(Beginning of Extracted entries)

lemma sum_choose_shift_absorb:
  fixes f :: "nat \<Rightarrow> real"
  assumes "s \<ge> 1" "n \<ge> 2"
  shows "(\<Sum>j\<le>n-2. real (j choose t) * real ((n-1-j) choose s) * (real (Suc j) * f (Suc j)))
    = real (Suc t) * (\<Sum>i\<le>n. real (i choose Suc t) * real ((n-i) choose s) * f i)"
proof -
  define F where "F i = real (i choose Suc t) * real ((n-i) choose s) * f i" for i
  obtain m where m: "n = Suc (Suc m)" using assms by (metis add_2_eq_Suc le_Suc_ex)
  have "(\<Sum>i\<le>n. F i) = F 0 + (\<Sum>j\<le>Suc m. F (Suc j))"
    unfolding m by (rule sum.atMost_Suc_shift)
  also have "\<dots> = F 0 + (\<Sum>j\<le>m. F (Suc j)) + F n"
    by (simp add: m)
  also have "\<dots> = (\<Sum>j\<le>n-2. F (Suc j))"
    using assms by (simp add: F_def m)
  finally have shift: "(\<Sum>i\<le>n. F i) = (\<Sum>j\<le>n-2. F (Suc j))" .
  have absorb: "real (Suc j) * real (j choose t) = real (Suc t) * real (Suc j choose Suc t)" for j
    by (simp only: Suc_times_binomial flip: of_nat_mult)
  have "(\<Sum>j\<le>n-2. real (j choose t) * real ((n-1-j) choose s) * (real (Suc j) * f (Suc j)))
      = (\<Sum>j\<le>n-2. real (Suc t) * F (Suc j))"
    using absorb by (intro sum.cong refl) (simp add: F_def mult_ac del: of_nat_Suc binomial_Suc_Suc)
  also have "\<dots> = real (Suc t) * (\<Sum>i\<le>n. F i)"
    by (simp only: shift sum_distrib_left)
  finally show ?thesis
    by (simp only: F_def)
qed

lemma expect_subcalls_Suc_weighted:
  assumes "n \<ge> 2"
    and "\<And>t. t \<le> t1 + t2 + t3 \<Longrightarrow>
      (\<Sum>i\<le>n. real (i choose Suc t) * real ((n-i) choose (t1+t2+t3+1-t)) * f i) = g t"
  shows "expect_subcalls t1 t2 t3 n (\<lambda>j. real (Suc j) * f (Suc j))
    = (\<Sum>t\<in>#{#t1, t2, t3#}. real (Suc t) * g t) / real (n choose (t1 + t2 + t3 + 2))"
proof -
  have "(\<Sum>j\<le>n-2. real (j choose t) * real ((n-1-j) choose (t1+t2+t3+1-t)) * (real (Suc j) * f (Suc j)))
      = real (Suc t) * g t" if "t \<in># {#t1, t2, t3#}" for t
  proof -
    have t: "t \<le> t1 + t2 + t3" using that by auto
    then have "1 \<le> t1 + t2 + t3 + 1 - t" by simp
    from sum_choose_shift_absorb[OF this assms(1)] show ?thesis by (simp only: assms(2)[OF t])
  qed
  then show ?thesis
    unfolding expect_subcalls_eq[OF assms(1)] by (simp only: cong: image_mset_cong)
qed

lemma binomial_Suc_Suc_ratio:
  assumes "k \<le> n"
  shows "real (Suc n choose Suc k) / real (n choose k) = real (Suc n) / real (Suc k)"
proof -
  have "real (Suc k) * real (Suc n choose Suc k) = real (Suc n) * real (n choose k)"
    by (simp only: Suc_times_binomial flip: of_nat_mult)
  moreover have "real (n choose k) > 0" using assms by simp
  ultimately show ?thesis by (simp add: field_simps del: of_nat_Suc binomial_Suc_Suc)
qed
(* Let $K$ be a compact metric space and let $(f_n)$ be a uniformly bounded sequence in $C(K)$ converging pointwise to a function $f$ with $f\notin D(K)$. Then there exists a complex number $c$ with $|c|=1$ such that for every $M<\infty$ and $\kappa>0$ there is a subsequence $(b_j)$ of $(cf_j)$, with difference sequence $(e_j)$, with the following property: for every strictly increasing sequence of integers $0<m_1<m_2<\cdots$ there exist $t\in K$ and an integer $k$ such that (1) $\sum_{j=1}^k \mathrm{Re}\, e_{m_{2j}}(t)>M$; (2) $\mathrm{Re}\, e_{m_{2j}}(t)>0$ for all $1\le j\le k$; (3) $\sum\{|e_i(t)| : i>1,\ i\notin\{m_1,m_2,\dots,m_{2k}\}\}<\kappa$.
   Context: $C(K)$ is the space of continuous complex-valued functions on $K$. $D(K)$ is the set of functions $f:K\to\mathbb{C}$ of the form $f=(u_1-u_2)+i(u_3-u_4)$ with $u_1,\dots,u_4$ bounded real lower semi-continuous functions on $K$ (equivalently, $f=\sum_j\varphi_j$ pointwise for some $(\varphi_j)\subset C(K)$ with $\sup_{k\in K}\sum_j|\varphi_j(k)|<\infty$). The difference sequence $(e_j)$ of $(b_j)$ is $e_1=b_1$, $e_j=b_j-b_{j-1}$ for $j>1$. *)

theory Defs
  imports "HOL-Analysis.Analysis"
begin

definition lsc_on :: "'a::metric_space set \<Rightarrow> ('a \<Rightarrow> real) \<Rightarrow> bool" where
  "lsc_on K u \<longleftrightarrow> (\<forall>a. openin (top_of_set K) {x \<in> K. u x > a})"

definition D_K :: "'a::metric_space set \<Rightarrow> ('a \<Rightarrow> complex) set" where
  "D_K K = {f. \<exists>u1 u2 u3 u4.
      lsc_on K u1 \<and> lsc_on K u2 \<and> lsc_on K u3 \<and> lsc_on K u4 \<and>
      bounded (u1 ` K) \<and> bounded (u2 ` K) \<and> bounded (u3 ` K) \<and> bounded (u4 ` K) \<and>
      (\<forall>x\<in>K. f x = complex_of_real (u1 x - u2 x) + \<i> * complex_of_real (u3 x - u4 x))}"

text \<open>Difference sequence (1-indexed): e 1 = b 1, e j = b j - b (j-1) for j > 1.\<close>
definition diff_seq :: "(nat \<Rightarrow> 'a \<Rightarrow> complex) \<Rightarrow> nat \<Rightarrow> 'a \<Rightarrow> complex" where
  "diff_seq b j = (if j \<le> 1 then b j else (\<lambda>x. b j x - b (j - 1) x))"

end

theory Submission
  imports Defs
begin

(*
  Call a budget s winnable from x for a real function g on K if a player, moving by arbitrarily
  small steps, can force upward jumps of g of total size more than s.  If for c = 1 and c = -i
  the winnable budgets for Re (c f) are bounded on K, their supremum V is bounded and both V and
  V + g are upper semicontinuous, so Re f and Im f are differences of bounded lower
  semicontinuous functions and f lies in D(K).  Hence, for some unimodular c, every budget M + 1
  is winnable for Re (c f) from some point.  A winning strategy is recorded as a well-founded
  tree of choices indexed by the radii of the opponent, and the subsequence r is chosen so that
  f_{r n} approximates c f at every position reachable with indices at most n, while the radii
  force the earlier f_{r i} to move very little.  Playing the strategy along the indices m_j
  until the budget is exhausted yields t: each difference e_{m_{2j}}(t) reproduces a jump of the
  play, these jumps add up to more than M, and every other difference is dominated by a
  geometric series.
*)

lemma sum_power_half_le:
  assumes "finite J" "inj_on f J" "\<And>j. j \<in> J \<Longrightarrow> i < f j"
  shows "(\<Sum>j\<in>J. (1/2::real) ^ f j) \<le> (1/2) ^ i"
proof -
  define N where "N = Max (insert i (f ` J))"
  have "f ` J \<subseteq> {Suc i..N}"
    using assms unfolding N_def by (auto simp: Suc_le_eq)
  then have "(\<Sum>n\<in>f ` J. (1/2::real) ^ n) \<le> (\<Sum>n=Suc i..N. (1/2) ^ n)"
    by (intro sum_mono2) auto
  also have "\<dots> \<le> (1/2) ^ i"
    by (simp add: sum_gp)
  finally show ?thesis
    using assms(2) by (simp add: sum.reindex)
qed

lemma uniform_modulus_finite:
  fixes G :: "'i \<Rightarrow> 'a::metric_space \<Rightarrow> 'b::metric_space"
  assumes "compact K" "finite I" "\<And>i. i \<in> I \<Longrightarrow> continuous_on K (G i)" "e > 0"
  shows "\<exists>d>0. \<forall>i\<in>I. \<forall>x\<in>K. \<forall>y\<in>K. dist x y < d \<longrightarrow> dist (G i x) (G i y) < e"
proof -
  have "eventually (\<lambda>d. \<forall>x\<in>K. \<forall>y\<in>K. dist x y < d \<longrightarrow> dist (G i x) (G i y) < e) (at_right 0)"
    if "i \<in> I" for i
  proof -
    have "uniformly_continuous_on K (G i)"
      using compact_uniformly_continuous assms(1,3) that by blast
    then obtain d where "d > 0" "\<forall>y\<in>K. \<forall>x\<in>K. dist x y < d \<longrightarrow> dist (G i x) (G i y) < e"
      unfolding uniformly_continuous_on_def using \<open>e > 0\<close> by blast
    then show ?thesis
      unfolding eventually_at_right_field by (intro exI[of _ d]) auto
  qed
  then have "eventually (\<lambda>d. \<forall>i\<in>I. \<forall>x\<in>K. \<forall>y\<in>K. dist x y < d \<longrightarrow> dist (G i x) (G i y) < e)
      (at_right 0)"
    using assms(2) by (simp add: eventually_ball_finite)
  then obtain b where "b > 0" and
    "\<And>d. 0 < d \<Longrightarrow> d < b \<Longrightarrow> \<forall>i\<in>I. \<forall>x\<in>K. \<forall>y\<in>K. dist x y < d \<longrightarrow> dist (G i x) (G i y) < e"
    unfolding eventually_at_right_field by auto
  from this(2)[of "b/2"] \<open>b > 0\<close> show ?thesis
    by (intro exI[of _ "b/2"]) simp
qed

lemma diff_seq_eq: "1 < i \<Longrightarrow> diff_seq G i x = G i x - G (i - 1) x"
  by (simp add: diff_seq_def)

lemma abs_Re_diff_le_dist: "\<bar>Re a - Re b\<bar> \<le> dist a b"
  using abs_Re_le_cmod[of "a - b"] by (simp add: dist_norm)

lemma lsc_on_uminus_if_usc:
  assumes "\<And>x b. x \<in> K \<Longrightarrow> u x < b \<Longrightarrow> \<exists>e>0. \<forall>x'\<in>K. dist x' x < e \<longrightarrow> u x' < b"
  shows "lsc_on K (\<lambda>x. - u x)"
  unfolding lsc_on_def openin_euclidean_subtopology_iff
proof (intro allI conjI ballI)
  fix a x assume "x \<in> {x \<in> K. - u x > a}"
  then obtain e where "e > 0" "\<forall>x'\<in>K. dist x' x < e \<longrightarrow> u x' < - a"
    using assms[of x "- a"] by auto
  then show "\<exists>e>0. \<forall>x'\<in>K. dist x' x < e \<longrightarrow> x' \<in> {x \<in> K. - u x > a}"
    by force
qed auto

section \<open>The jump game and the jump index\<close>

text \<open>One round of the game: the opponent chooses \<open>\<delta> > 0\<close>, the player moves to a point \<open>y\<close> that is
  \<open>\<delta>\<close>-close to \<open>x\<close> and commits to a margin \<open>h > 0\<close>; the opponent chooses \<open>\<delta>' > 0\<close>, the player
  jumps to a point \<open>z\<close> that is \<open>\<delta>'\<close>-close to \<open>y\<close> with \<open>g z > g y + h\<close>.\<close>

definition jump_move :: "'a::metric_space set \<Rightarrow> ('a \<Rightarrow> real) \<Rightarrow> 'a \<Rightarrow> ('a \<Rightarrow> real \<Rightarrow> bool) \<Rightarrow> bool"
  where "jump_move K g x P \<longleftrightarrow>
    (\<forall>\<delta>>0. \<exists>y\<in>K. dist y x < \<delta> \<and>
      (\<exists>h>0. \<forall>\<delta>'>0. \<exists>z\<in>K. dist z y < \<delta>' \<and> g y + h < g z \<and> P z (g z - g y)))"

lemma jump_move_mono [mono]:
  "(\<And>z a. P z a \<longrightarrow> Q z a) \<Longrightarrow> jump_move K g x P \<longrightarrow> jump_move K g x Q"
  unfolding jump_move_def by meson

lemma jump_move_from_nearby:
  assumes "\<And>\<delta>. \<delta> > 0 \<Longrightarrow> \<exists>x'. dist x' x < \<delta> \<and> jump_move K g x' P"
  shows "jump_move K g x P"
  unfolding jump_move_def
proof (intro allI impI)
  fix \<delta> :: real assume "\<delta> > 0"
  then obtain x' where x': "dist x' x < \<delta>/2" "jump_move K g x' P"
    using assms[of "\<delta>/2"] by auto
  from x'(2) \<open>\<delta> > 0\<close> obtain y where "y \<in> K" "dist y x' < \<delta>/2"
    and "\<exists>h>0. \<forall>\<delta>'>0. \<exists>z\<in>K. dist z y < \<delta>' \<and> g y + h < g z \<and> P z (g z - g y)"
    unfolding jump_move_def by (metis half_gt_zero)
  moreover have "dist y x < \<delta>"
    using dist_triangle[of y x x'] \<open>dist y x' < \<delta>/2\<close> x'(1) by linarith
  ultimately show "\<exists>y\<in>K. dist y x < \<delta> \<and>
      (\<exists>h>0. \<forall>\<delta>'>0. \<exists>z\<in>K. dist z y < \<delta>' \<and> g y + h < g z \<and> P z (g z - g y))"
    by blast
qed

inductive jump_game_won :: "'a::metric_space set \<Rightarrow> ('a \<Rightarrow> real) \<Rightarrow> 'a \<Rightarrow> real \<Rightarrow> bool"
  for K g where
  exhausted: "s < 0 \<Longrightarrow> jump_game_won K g x s"
| jump: "jump_move K g x (\<lambda>z a. jump_game_won K g z (s - a)) \<Longrightarrow> jump_game_won K g x s"

lemma jump_game_won_mono:
  "jump_game_won K g x s \<Longrightarrow> s' \<le> s \<Longrightarrow> jump_game_won K g x s'"
proof (induction arbitrary: s' rule: jump_game_won.induct)
  case (exhausted s x)
  then show ?case by (simp add: jump_game_won.exhausted)
next
  case (jump x s)
  have "jump_move K g x (\<lambda>z a. jump_game_won K g z (s' - a))"
    using jump_move_mono[rule_format, OF _ jump.IH] jump.prems by force
  then show ?case by (rule jump_game_won.jump)
qed

lemma jump_game_won_nonnegD:
  "jump_game_won K g x s \<Longrightarrow> 0 \<le> s \<Longrightarrow> jump_move K g x (\<lambda>z a. jump_game_won K g z (s - a))"
  by (auto elim: jump_game_won.cases)

lemma jump_game_won_from_nearby:
  assumes "0 \<le> s" and "\<And>\<delta>. \<delta> > 0 \<Longrightarrow> \<exists>x'. dist x' x < \<delta> \<and> jump_game_won K g x' s"
  shows "jump_game_won K g x s"
proof (intro jump_game_won.jump jump_move_from_nearby)
  fix \<delta> :: real assume "\<delta> > 0"
  then obtain x' where "dist x' x < \<delta>" "jump_game_won K g x' s" using assms(2) by blast
  then show "\<exists>x'. dist x' x < \<delta> \<and> jump_move K g x' (\<lambda>z a. jump_game_won K g z (s - a))"
    using jump_game_won_nonnegD assms(1) by blast
qed

definition jump_index :: "'a::metric_space set \<Rightarrow> ('a \<Rightarrow> real) \<Rightarrow> 'a \<Rightarrow> real" where
  "jump_index K g x = Sup {s. jump_game_won K g x s}"

context
  fixes K :: "'a::metric_space set" and g :: "'a \<Rightarrow> real" and C :: real
  assumes lost: "\<And>x. x \<in> K \<Longrightarrow> \<not> jump_game_won K g x C"
begin

lemma jump_index_bdd_above: "x \<in> K \<Longrightarrow> bdd_above {s. jump_game_won K g x s}"
proof (rule bdd_aboveI)
  fix s assume "x \<in> K" "s \<in> {s. jump_game_won K g x s}"
  then show "s \<le> C"
    using lost jump_game_won_mono[of K g x s C] by (cases "C \<le> s") auto
qed

lemma jump_game_won_le_jump_index: "x \<in> K \<Longrightarrow> jump_game_won K g x s \<Longrightarrow> s \<le> jump_index K g x"
  unfolding jump_index_def by (rule cSup_upper) (auto simp: jump_index_bdd_above)

lemma jump_game_won_below_jump_index:
  assumes "s < jump_index K g x" shows "jump_game_won K g x s"
proof -
  have "jump_game_won K g x (-1)" by (simp add: jump_game_won.exhausted)
  then have "{s. jump_game_won K g x s} \<noteq> {}" by blast
  from less_cSupD[OF this assms[unfolded jump_index_def]]
  obtain s' where "jump_game_won K g x s'" "s < s'" by blast
  then show ?thesis by (simp add: jump_game_won_mono)
qed

lemma jump_index_nonneg:
  assumes "x \<in> K" shows "0 \<le> jump_index K g x"
proof (rule ccontr)
  assume "\<not> 0 \<le> jump_index K g x"
  then have "jump_game_won K g x (jump_index K g x / 2)"
    by (simp add: jump_game_won.exhausted)
  then have "jump_index K g x / 2 \<le> jump_index K g x"
    using jump_game_won_le_jump_index[OF assms] by blast
  with \<open>\<not> 0 \<le> jump_index K g x\<close> show False by linarith
qed

lemma jump_index_le:
  assumes "x \<in> K" shows "jump_index K g x \<le> C"
proof (rule ccontr)
  assume "\<not> jump_index K g x \<le> C"
  then have "jump_game_won K g x C" by (simp add: jump_game_won_below_jump_index)
  with lost[OF assms] show False by contradiction
qed

lemma jump_index_usc:
  assumes x: "x \<in> K" and b: "jump_index K g x < b"
  shows "\<exists>e>0. \<forall>x'\<in>K. dist x' x < e \<longrightarrow> jump_index K g x' < b"
proof -
  define s where "s = (jump_index K g x + b) / 2"
  have "0 \<le> s" using jump_index_nonneg[OF x] b unfolding s_def by simp
  moreover have "\<not> jump_game_won K g x s"
    using jump_game_won_le_jump_index[OF x] b unfolding s_def by force
  ultimately have "\<not> (\<forall>\<delta>>0. \<exists>x'. dist x' x < \<delta> \<and> jump_game_won K g x' s)"
    using jump_game_won_from_nearby by blast
  then obtain e where "e > 0" and lost_near: "\<And>x'. dist x' x < e \<Longrightarrow> \<not> jump_game_won K g x' s"
    by auto
  have "jump_index K g x' < b" if "dist x' x < e" for x'
  proof -
    have "jump_index K g x' \<le> s"
      using lost_near[OF that] jump_game_won_below_jump_index by (meson not_le)
    then show ?thesis using b unfolding s_def by (simp add: field_simps)
  qed
  then show ?thesis using \<open>e > 0\<close> by blast
qed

(End of Extracted entries)

§ How to complete this task: Return word for word the lines above from the line with "unfolding eventually_at_right_field by (intro" to the line with "text \<open>One round", including both and leaving out all others.

§ Your response:
      unfolding eventually_at_right_field by (intro exI[of _ d]) auto
  qed
  then have "eventually (\<lambda>d. \<forall>i\<in>I. \<forall>x\<in>K. \<forall>y\<in>K. dist x y < d \<longrightarrow> dist (G i x) (G i y) < e)
      (at_right 0)"
    using assms(2) by (simp add: eventually_ball_finite)
  then obtain b where "b > 0" and
    "\<And>d. 0 < d \<Longrightarrow> d < b \<Longrightarrow> \<forall>i\<in>I. \<forall>x\<in>K. \<forall>y\<in>K. dist x y < d \<longrightarrow> dist (G i x) (G i y) < e"
    unfolding eventually_at_right_field by auto
  from this(2)[of "b/2"] \<open>b > 0\<close> show ?thesis
    by (intro exI[of _ "b/2"]) simp
qed

lemma diff_seq_eq: "1 < i \<Longrightarrow> diff_seq G i x = G i x - G (i - 1) x"
  by (simp add: diff_seq_def)

lemma abs_Re_diff_le_dist: "\<bar>Re a - Re b\<bar> \<le> dist a b"
  using abs_Re_le_cmod[of "a - b"] by (simp add: dist_norm)

lemma lsc_on_uminus_if_usc:
  assumes "\<And>x b. x \<in> K \<Longrightarrow> u x < b \<Longrightarrow> \<exists>e>0. \<forall>x'\<in>K. dist x' x < e \<longrightarrow> u x' < b"
  shows "lsc_on K (\<lambda>x. - u x)"
  unfolding lsc_on_def openin_euclidean_subtopology_iff
proof (intro allI conjI ballI)
  fix a x assume "x \<in> {x \<in> K. - u x > a}"
  then obtain e where "e > 0" "\<forall>x'\<in>K. dist x' x < e \<longrightarrow> u x' < - a"
    using assms[of x "- a"] by auto
  then show "\<exists>e>0. \<forall>x'\<in>K. dist x' x < e \<longrightarrow> x' \<in> {x \<in> K. - u x > a}"
    by force
qed auto

section \<open>The jump game and the jump index\<close>

text \<open>One round of the game: the opponent chooses \<open>\<delta> > 0\<close>, the player moves to a point \<open>y\<close> that is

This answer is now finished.